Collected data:
---
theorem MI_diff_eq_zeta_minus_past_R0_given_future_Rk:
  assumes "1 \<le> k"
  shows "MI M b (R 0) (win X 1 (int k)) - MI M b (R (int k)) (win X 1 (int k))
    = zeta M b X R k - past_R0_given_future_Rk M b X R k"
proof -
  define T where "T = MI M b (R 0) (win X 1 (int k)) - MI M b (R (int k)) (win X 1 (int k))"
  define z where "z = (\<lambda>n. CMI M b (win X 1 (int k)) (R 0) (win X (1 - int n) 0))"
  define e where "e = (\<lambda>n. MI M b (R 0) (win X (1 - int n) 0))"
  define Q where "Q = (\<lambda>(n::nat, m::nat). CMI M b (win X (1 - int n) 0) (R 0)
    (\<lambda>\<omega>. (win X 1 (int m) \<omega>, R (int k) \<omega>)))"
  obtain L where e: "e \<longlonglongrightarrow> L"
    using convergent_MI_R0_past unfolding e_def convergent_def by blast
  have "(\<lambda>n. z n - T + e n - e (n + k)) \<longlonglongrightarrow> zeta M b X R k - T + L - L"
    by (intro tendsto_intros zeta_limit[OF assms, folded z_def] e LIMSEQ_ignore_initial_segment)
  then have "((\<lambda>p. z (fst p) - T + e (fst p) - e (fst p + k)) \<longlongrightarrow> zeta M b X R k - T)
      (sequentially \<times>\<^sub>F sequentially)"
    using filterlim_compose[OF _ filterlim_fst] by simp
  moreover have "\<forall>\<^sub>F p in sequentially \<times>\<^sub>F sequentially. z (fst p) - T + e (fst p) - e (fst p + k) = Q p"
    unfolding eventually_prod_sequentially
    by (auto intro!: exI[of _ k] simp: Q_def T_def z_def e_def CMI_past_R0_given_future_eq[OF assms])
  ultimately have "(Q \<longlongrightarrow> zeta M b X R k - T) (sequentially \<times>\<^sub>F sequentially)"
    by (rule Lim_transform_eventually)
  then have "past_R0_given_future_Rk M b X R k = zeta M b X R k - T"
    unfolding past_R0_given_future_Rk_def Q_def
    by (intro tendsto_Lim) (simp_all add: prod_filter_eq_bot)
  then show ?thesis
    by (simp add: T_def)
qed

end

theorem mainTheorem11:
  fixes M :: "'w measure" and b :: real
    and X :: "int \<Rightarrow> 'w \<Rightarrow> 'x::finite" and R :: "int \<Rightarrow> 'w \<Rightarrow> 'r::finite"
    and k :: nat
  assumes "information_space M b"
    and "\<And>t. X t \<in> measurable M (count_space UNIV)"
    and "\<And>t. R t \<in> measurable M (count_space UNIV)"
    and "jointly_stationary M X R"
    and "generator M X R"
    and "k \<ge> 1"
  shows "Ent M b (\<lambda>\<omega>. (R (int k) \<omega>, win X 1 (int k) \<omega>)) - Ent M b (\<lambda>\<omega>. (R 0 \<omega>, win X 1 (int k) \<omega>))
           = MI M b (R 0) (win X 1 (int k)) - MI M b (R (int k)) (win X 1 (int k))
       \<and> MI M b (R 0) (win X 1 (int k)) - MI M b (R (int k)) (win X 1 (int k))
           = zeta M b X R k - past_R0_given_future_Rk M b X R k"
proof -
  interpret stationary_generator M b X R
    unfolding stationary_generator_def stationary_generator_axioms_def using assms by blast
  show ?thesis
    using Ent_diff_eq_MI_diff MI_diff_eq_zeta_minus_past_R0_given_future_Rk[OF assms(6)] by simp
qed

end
---
— PROBLEM DESCRIPTION —
Copy, please, exactly the lines that start at the first line of the data and end at the line containing "define Q where", both kept and no others.

— RESULT OF THIS TASK —
theorem MI_diff_eq_zeta_minus_past_R0_given_future_Rk:
  assumes "1 \<le> k"
  shows "MI M b (R 0) (win X 1 (int k)) - MI M b (R (int k)) (win X 1 (int k))
    = zeta M b X R k - past_R0_given_future_Rk M b X R k"
proof -
  define T where "T = MI M b (R 0) (win X 1 (int k)) - MI M b (R (int k)) (win X 1 (int k))"
  define z where "z = (\<lambda>n. CMI M b (win X 1 (int k)) (R 0) (win X (1 - int n) 0))"
  define e where "e = (\<lambda>n. MI M b (R 0) (win X (1 - int n) 0))"
  define Q where "Q = (\<lambda>(n::nat, m::nat). CMI M b (win X (1 - int n) 0) (R 0)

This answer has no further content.